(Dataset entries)
lemma new_product_centralizing:
  assumes T: "finite T" "T \<subseteq> carrier G" and b: "b \<in> carrier G" "\<forall>t\<in>T. lt t b"
    and central: "T \<subseteq> centralizer G b" and nonabelian: "\<exists>x\<in>T. \<exists>y\<in>T. x \<otimes> y \<noteq> y \<otimes> x"
    and c: "is_greatest T c"
  obtains x where "x \<in> insert b T <#> insert b T" "x \<notin> T <#> T" "x \<noteq> c \<otimes> b" "x \<noteq> b \<otimes> b"
proof -
  define N where "N = {u \<in> T. \<not> T \<subseteq> centralizer G u}"
  have "N \<noteq> {}" using nonabelian T(2) by (auto simp: N_def centralizer_def)
  then obtain u where u: "is_greatest N u"
    using finite_has_greatest[of N] T by (auto simp: N_def)
  then have u': "u \<in> T" "u \<in> carrier G" "\<not> T \<subseteq> centralizer G u"
    using T(2) by (auto simp: is_greatest_def N_def)
  obtain w where w: "is_greatest (T - centralizer G u) w"
    using finite_has_greatest[of "T - centralizer G u"] T u' by auto
  then have w': "w \<in> T" "w \<in> carrier G" "w \<notin> centralizer G u"
    using T(2) by (auto simp: is_greatest_def)
  have c': "c \<in> T" "c \<in> carrier G" using c T(2) by (auto simp: is_greatest_def)
  have "w \<in> N" using w' u' by (auto simp: N_def centralizer_def)
  moreover have "w \<noteq> u" using w' u' by (auto simp: centralizer_def)
  ultimately have "lt w u" using u by (simp add: is_greatest_def)
  moreover have "lt u c \<or> u = c" using c u' by (auto simp: is_greatest_def)
  ultimately have "w \<noteq> c" using less_trans[OF w'(2) u'(2) c'(2)] less_irrefl[OF c'(2)] by auto
  have bw: "b \<otimes> w = w \<otimes> b" and bc: "b \<otimes> c = c \<otimes> b"
    using central w'(1) c'(1) by (auto simp: centralizer_def)
  have "b \<in> centralizer G u" using central u'(1) b(1) by (auto simp: centralizer_def)
  then have "b \<otimes> w \<notin> T <#> T"
    using greatest_noncommuting_product_less(1)[OF T(2) u'(2) _ b(2) w] bw
      less_irrefl[OF m_closed[OF b(1) w'(2)]] by auto
  moreover have "b \<otimes> w \<in> insert b T <#> insert b T"
    using w'(1) by (auto simp: set_mult_def)
  moreover have "b \<otimes> w \<noteq> b \<otimes> c" "b \<otimes> w \<noteq> b \<otimes> b"
    using \<open>w \<noteq> c\<close> w'(1,2) c'(2) b less_irrefl[OF b(1)] by auto
  then have "b \<otimes> w \<noteq> c \<otimes> b" "b \<otimes> w \<noteq> b \<otimes> b" using bc by simp_all
  ultimately show thesis using that by blast
qed

lemma new_product_not_centralizing:
  assumes T: "finite T" "T \<subseteq> carrier G" and b: "b \<in> carrier G" "\<forall>t\<in>T. lt t b"
    and noncentral: "\<not> T \<subseteq> centralizer G b" and c: "is_greatest T c"
  obtains x where "x \<in> insert b T <#> insert b T" "x \<notin> T <#> T" "x \<noteq> c \<otimes> b" "x \<noteq> b \<otimes> b"
proof -
  obtain v where v: "is_greatest (T - centralizer G b) v"
    using finite_has_greatest[of "T - centralizer G b"] T noncentral by auto
  then have v': "v \<in> T" "v \<in> carrier G" "v \<otimes> b \<noteq> b \<otimes> v"
    using T(2) b(1) by (auto simp: is_greatest_def centralizer_def)
  have c': "c \<in> T" "c \<in> carrier G" using c T(2) by (auto simp: is_greatest_def)
  have "v \<noteq> b" using v' b(2) less_irrefl[OF b(1)] by blast
  have products: "v \<otimes> b \<in> insert b T <#> insert b T" "b \<otimes> v \<in> insert b T <#> insert b T"
    using v'(1) by (auto simp: set_mult_def)
  show thesis
  proof (cases "v = c")
    case True
    then show thesis
      using that[of "b \<otimes> c"] products set_mult_greatest_products_notin[OF T(2) b c]
        v'(2,3) \<open>v \<noteq> b\<close> b(1) by auto
  next
    case False
    then have "lt v c" using c v'(1) by (auto simp: is_greatest_def)
    have "c \<in> centralizer G b"
    proof (rule ccontr)
      assume "c \<notin> centralizer G b"
      then have "lt c v" using v c'(1) False by (auto simp: is_greatest_def)
      then show False using \<open>lt v c\<close> less_asym v'(2) c'(2) by blast
    qed
    then have bc: "b \<otimes> c = c \<otimes> b" by (simp add: centralizer_def)
    have "b \<in> centralizer G b" using b(1) by (simp add: centralizer_def)
    then have "v \<otimes> b \<notin> T <#> T \<or> b \<otimes> v \<notin> T <#> T"
      using greatest_noncommuting_product_less[OF T(2) b(1) _ b(2) v] less_asym v'(2) b(1) by blast
    moreover have "v \<otimes> b \<noteq> c \<otimes> b" "b \<otimes> v \<noteq> b \<otimes> c" "v \<otimes> b \<noteq> b \<otimes> b" "b \<otimes> v \<noteq> b \<otimes> b"
      using False \<open>v \<noteq> b\<close> v'(2) c'(2) b(1) by auto
    then have "v \<otimes> b \<noteq> c \<otimes> b" "b \<otimes> v \<noteq> c \<otimes> b" "v \<otimes> b \<noteq> b \<otimes> b" "b \<otimes> v \<noteq> b \<otimes> b"
      using bc by simp_all
    ultimately show thesis using that products by blast
  qed
qed

lemma card_set_mult_insert_greatest_nonabelian:
  assumes T: "finite T" "T \<subseteq> carrier G" and b: "b \<in> carrier G" "\<forall>t\<in>T. lt t b"
    and nonabelian: "\<exists>x\<in>T. \<exists>y\<in>T. x \<otimes> y \<noteq> y \<otimes> x"
  shows "card (T <#> T) + 3 \<le> card (insert b T <#> insert b T)"
proof -
  obtain c where c: "is_greatest T c"
    using finite_has_greatest[of T] T nonabelian by blast
  then have c': "c \<in> T" "c \<in> carrier G" using T(2) by (auto simp: is_greatest_def)
  obtain x where x: "x \<in> insert b T <#> insert b T" "x \<notin> T <#> T" "x \<noteq> c \<otimes> b" "x \<noteq> b \<otimes> b"
    using new_product_centralizing[OF T b _ nonabelian c]
      new_product_not_centralizing[OF T b _ c] by blast
  have "c \<noteq> b" using c' b(2) less_irrefl[OF b(1)] by blast
  then have "card {x, c \<otimes> b, b \<otimes> b} = 3" using x(3,4) c'(2) b(1) by simp
  moreover have "{x, c \<otimes> b, b \<otimes> b} \<subseteq> insert b T <#> insert b T"
    using x(1) c'(1) by (auto simp: set_mult_def)
  moreover have "{x, c \<otimes> b, b \<otimes> b} \<inter> (T <#> T) = {}"
    using x(2) set_mult_greatest_products_notin[OF T(2) b c] by blast
  ultimately show ?thesis
    using card_set_mult_add_disjoint[of "insert b T" T "{x, c \<otimes> b, b \<otimes> b}" G] T(1) by auto
qed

Problem to solve:
Repeat all of the records above exactly as they appear.

Answer to this task:
lemma new_product_centralizing:
  assumes T: "finite T" "T \<subseteq> carrier G" and b: "b \<in> carrier G" "\<forall>t\<in>T. lt t b"
    and central: "T \<subseteq> centralizer G b" and nonabelian: "\<exists>x\<in>T. \<exists>y\<in>T. x \<otimes> y \<noteq> y \<otimes> x"
    and c: "is_greatest T c"
  obtains x where "x \<in> insert b T <#> insert b T" "x \<notin> T <#> T" "x \<noteq> c \<otimes> b" "x \<noteq> b \<otimes> b"
proof -
  define N where "N = {u \<in> T. \<not> T \<subseteq> centralizer G u}"
  have "N \<noteq> {}" using nonabelian T(2) by (auto simp: N_def centralizer_def)
  then obtain u where u: "is_greatest N u"
    using finite_has_greatest[of N] T by (auto simp: N_def)
  then have u': "u \<in> T" "u \<in> carrier G" "\<not> T \<subseteq> centralizer G u"
    using T(2) by (auto simp: is_greatest_def N_def)
  obtain w where w: "is_greatest (T - centralizer G u) w"
    using finite_has_greatest[of "T - centralizer G u"] T u' by auto
  then have w': "w \<in> T" "w \<in> carrier G" "w \<notin> centralizer G u"
    using T(2) by (auto simp: is_greatest_def)
  have c': "c \<in> T" "c \<in> carrier G" using c T(2) by (auto simp: is_greatest_def)
  have "w \<in> N" using w' u' by (auto simp: N_def centralizer_def)
  moreover have "w \<noteq> u" using w' u' by (auto simp: centralizer_def)
  ultimately have "lt w u" using u by (simp add: is_greatest_def)
  moreover have "lt u c \<or> u = c" using c u' by (auto simp: is_greatest_def)
  ultimately have "w \<noteq> c" using less_trans[OF w'(2) u'(2) c'(2)] less_irrefl[OF c'(2)] by auto
  have bw: "b \<otimes> w = w \<otimes> b" and bc: "b \<otimes> c = c \<otimes> b"
    using central w'(1) c'(1) by (auto simp: centralizer_def)
  have "b \<in> centralizer G u" using central u'(1) b(1) by (auto simp: centralizer_def)
  then have "b \<otimes> w \<notin> T <#> T"
    using greatest_noncommuting_product_less(1)[OF T(2) u'(2) _ b(2) w] bw
      less_irrefl[OF m_closed[OF b(1) w'(2)]] by auto
  moreover have "b \<otimes> w \<in> insert b T <#> insert b T"
    using w'(1) by (auto simp: set_mult_def)
  moreover have "b \<otimes> w \<noteq> b \<otimes> c" "b \<otimes> w \<noteq> b \<otimes> b"
    using \<open>w \<noteq> c\<close> w'(1,2) c'(2) b less_irrefl[OF b(1)] by auto
  then have "b \<otimes> w \<noteq> c \<otimes> b" "b \<otimes> w \<noteq> b \<otimes> b" using bc by simp_all
  ultimately show thesis using that by blast
qed

lemma new_product_not_centralizing:
  assumes T: "finite T" "T \<subseteq> carrier G" and b: "b \<in> carrier G" "\<forall>t\<in>T. lt t b"
    and noncentral: "\<not> T \<subseteq> centralizer G b" and c: "is_greatest T c"
  obtains x where "x \<in> insert b T <#> insert b T" "x \<notin> T <#> T" "x \<noteq> c \<otimes> b" "x \<noteq> b \<otimes> b"
proof -
  obtain v where v: "is_greatest (T - centralizer G b) v"
    using finite_has_greatest[of "T - centralizer G b"] T noncentral by auto
  then have v': "v \<in> T" "v \<in> carrier G" "v \<otimes> b \<noteq> b \<otimes> v"
    using T(2) b(1) by (auto simp: is_greatest_def centralizer_def)
  have c': "c \<in> T" "c \<in> carrier G" using c T(2) by (auto simp: is_greatest_def)
  have "v \<noteq> b" using v' b(2) less_irrefl[OF b(1)] by blast
  have products: "v \<otimes> b \<in> insert b T <#> insert b T" "b \<otimes> v \<in> insert b T <#> insert b T"
    using v'(1) by (auto simp: set_mult_def)
  show thesis
  proof (cases "v = c")
    case True
    then show thesis
      using that[of "b \<otimes> c"] products set_mult_greatest_products_notin[OF T(2) b c]
        v'(2,3) \<open>v \<noteq> b\<close> b(1) by auto
  next
    case False
    then have "lt v c" using c v'(1) by (auto simp: is_greatest_def)
    have "c \<in> centralizer G b"
    proof (rule ccontr)
      assume "c \<notin> centralizer G b"
      then have "lt c v" using v c'(1) False by (auto simp: is_greatest_def)
      then show False using \<open>lt v c\<close> less_asym v'(2) c'(2) by blast
    qed
    then have bc: "b \<otimes> c = c \<otimes> b" by (simp add: centralizer_def)
    have "b \<in> centralizer G b" using b(1) by (simp add: centralizer_def)
    then have "v \<otimes> b \<notin> T <#> T \<or> b \<otimes> v \<notin> T <#> T"
      using greatest_noncommuting_product_less[OF T(2) b(1) _ b(2) v] less_asym v'(2) b(1) by blast
    moreover have "v \<otimes> b \<noteq> c \<otimes> b" "b \<otimes> v \<noteq> b \<otimes> c" "v \<otimes> b \<noteq> b \<otimes> b" "b \<otimes> v \<noteq> b \<otimes> b"
      using False \<open>v \<noteq> b\<close> v'(2) c'(2) b(1) by auto
    then have "v \<otimes> b \<noteq> c \<otimes> b" "b \<otimes> v \<noteq> c \<otimes> b" "v \<otimes> b \<noteq> b \<otimes> b" "b \<otimes> v \<noteq> b \<otimes> b"
      using bc by simp_all
    ultimately show thesis using that products by blast
  qed
qed

lemma card_set_mult_insert_greatest_nonabelian:
  assumes T: "finite T" "T \<subseteq> carrier G" and b: "b \<in> carrier G" "\<forall>t\<in>T. lt t b"
    and nonabelian: "\<exists>x\<in>T. \<exists>y\<in>T. x \<otimes> y \<noteq> y \<otimes> x"
  shows "card (T <#> T) + 3 \<le> card (insert b T <#> insert b T)"
proof -
  obtain c where c: "is_greatest T c"
    using finite_has_greatest[of T] T nonabelian by blast
  then have c': "c \<in> T" "c \<in> carrier G" using T(2) by (auto simp: is_greatest_def)
  obtain x where x: "x \<in> insert b T <#> insert b T" "x \<notin> T <#> T" "x \<noteq> c \<otimes> b" "x \<noteq> b \<otimes> b"
    using new_product_centralizing[OF T b _ nonabelian c]
      new_product_not_centralizing[OF T b _ c] by blast
  have "c \<noteq> b" using c' b(2) less_irrefl[OF b(1)] by blast
  then have "card {x, c \<otimes> b, b \<otimes> b} = 3" using x(3,4) c'(2) b(1) by simp
  moreover have "{x, c \<otimes> b, b \<otimes> b} \<subseteq> insert b T <#> insert b T"
    using x(1) c'(1) by (auto simp: set_mult_def)
  moreover have "{x, c \<otimes> b, b \<otimes> b} \<inter> (T <#> T) = {}"
    using x(2) set_mult_greatest_products_notin[OF T(2) b c] by blast
  ultimately show ?thesis
    using card_set_mult_add_disjoint[of "insert b T" T "{x, c \<otimes> b, b \<otimes> b}" G] T(1) by auto
qed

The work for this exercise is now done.